From the records below, state how many lines hold the string "auto", without any other text.

- Opening Delimiter -

lemma exists_derivation_of_order_6:
  fixes x :: 'a
  assumes "x \<noteq> 0"
  shows "\<exists>D'. lie_derivation smul br D' \<and> periodic_of_order D' 6"
proof -
  obtain j0 where j0: "eigenproj j0 x \<noteq> 0"
    using sum_eigenproj[of x] assms by (metis sum.neutral)
  define \<omega> :: complex where "\<omega> = exp (2 * of_real pi * \<i> / 6)"
  define c where "c = \<omega> / sixth_phase (root ^ j0)"
  define g where "g l = c * sixth_phase l" for l
  have \<omega>_pow_eq_1: "\<omega> ^ k = 1 \<longleftrightarrow> 6 dvd k" for k
    using primitive_root_unity_pow_eq_1[of 6 k] by (simp add: \<omega>_def)
  have g_root: "g (root ^ j0) = \<omega>"
    using root_nonzero by (simp add: g_def c_def sixth_phase_nonzero)
  have "c ^ 6 = 1"
    using root_nonzero \<omega>_pow_eq_1[of 6] by (simp add: c_def power_divide sixth_phase_pow_6)
  then have g_pow_6: "g l ^ 6 = 1" if "l ^ m = 1" for l
    using that period_pos
    by (cases "l = 0") (simp_all add: g_def power_0_left power_mult_distrib sixth_phase_pow_6)
  have "norm l = 1" if "l ^ m = 1" for l :: complex
    using power_eq_1_iff[OF that] period_pos by auto
  then have "lie_derivation smul br (spectral_map g)"
    by (intro spectral_map_derivation) (simp add: g_def sixth_phase_add distrib_left)
  moreover have "spectral_map g ^^ 6 = id"
    by (rule funpow_spectral_map_eq_id) (rule g_pow_6)
  moreover have "spectral_map g ^^ k \<noteq> id" if "1 \<le> k" and "k < 6" for k
  proof
    assume "spectral_map g ^^ k = id"
    then have "smul (\<omega> ^ k - 1) (eigenproj j0 x) = 0"
      using funpow_spectral_map_eigenvector[OF eigenproj_eigenvector[of j0 x], where g = g and n = k]
      by (simp add: g_root scale_left_diff_distrib)
    with j0 \<omega>_pow_eq_1[of k] that show False
      by (auto dest: dvd_imp_le)
  qed
  ultimately show ?thesis
    unfolding periodic_of_order_def by auto
qed

end

lemma periodic_derivationI:
  assumes "lie_algebra smul br" and "lie_derivation smul br D" and "1 \<le> m" and "D ^^ m = id"
  shows "periodic_derivation smul D m br"
  using assms
  by (simp add: periodic_derivation_def periodic_derivation_axioms_def periodic_endomorphism_def
      periodic_endomorphism_axioms_def lie_algebra_def lie_derivation_def)

theorem corollary3p11:
  fixes smul :: "complex \<Rightarrow> 'a::ab_group_add \<Rightarrow> 'a"
    and br :: "'a \<Rightarrow> 'a \<Rightarrow> 'a"
  assumes "lie_algebra smul br"
    and "finite_dim smul"
    and "\<exists>x::'a. x \<noteq> 0"
  shows "(\<exists>D. lie_derivation smul br D \<and> periodic D) \<longleftrightarrow>
         (\<exists>D. lie_derivation smul br D \<and> periodic_of_order D 6)"
proof
  assume "\<exists>D. lie_derivation smul br D \<and> periodic D"
  then obtain D m where "lie_derivation smul br D" and "1 \<le> m" and "D ^^ m = id"
    unfolding periodic_def by auto
  with assms(1) interpret periodic_derivation smul D m br
    by (rule periodic_derivationI)
  show "\<exists>D. lie_derivation smul br D \<and> periodic_of_order D 6"
    using assms(3) exists_derivation_of_order_6 by blast
next
  assume "\<exists>D. lie_derivation smul br D \<and> periodic_of_order D 6"
  then show "\<exists>D. lie_derivation smul br D \<and> periodic D"
    unfolding periodic_def periodic_of_order_def by blast
qed

end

- Closing Delimiter -

§ **Result below**:
4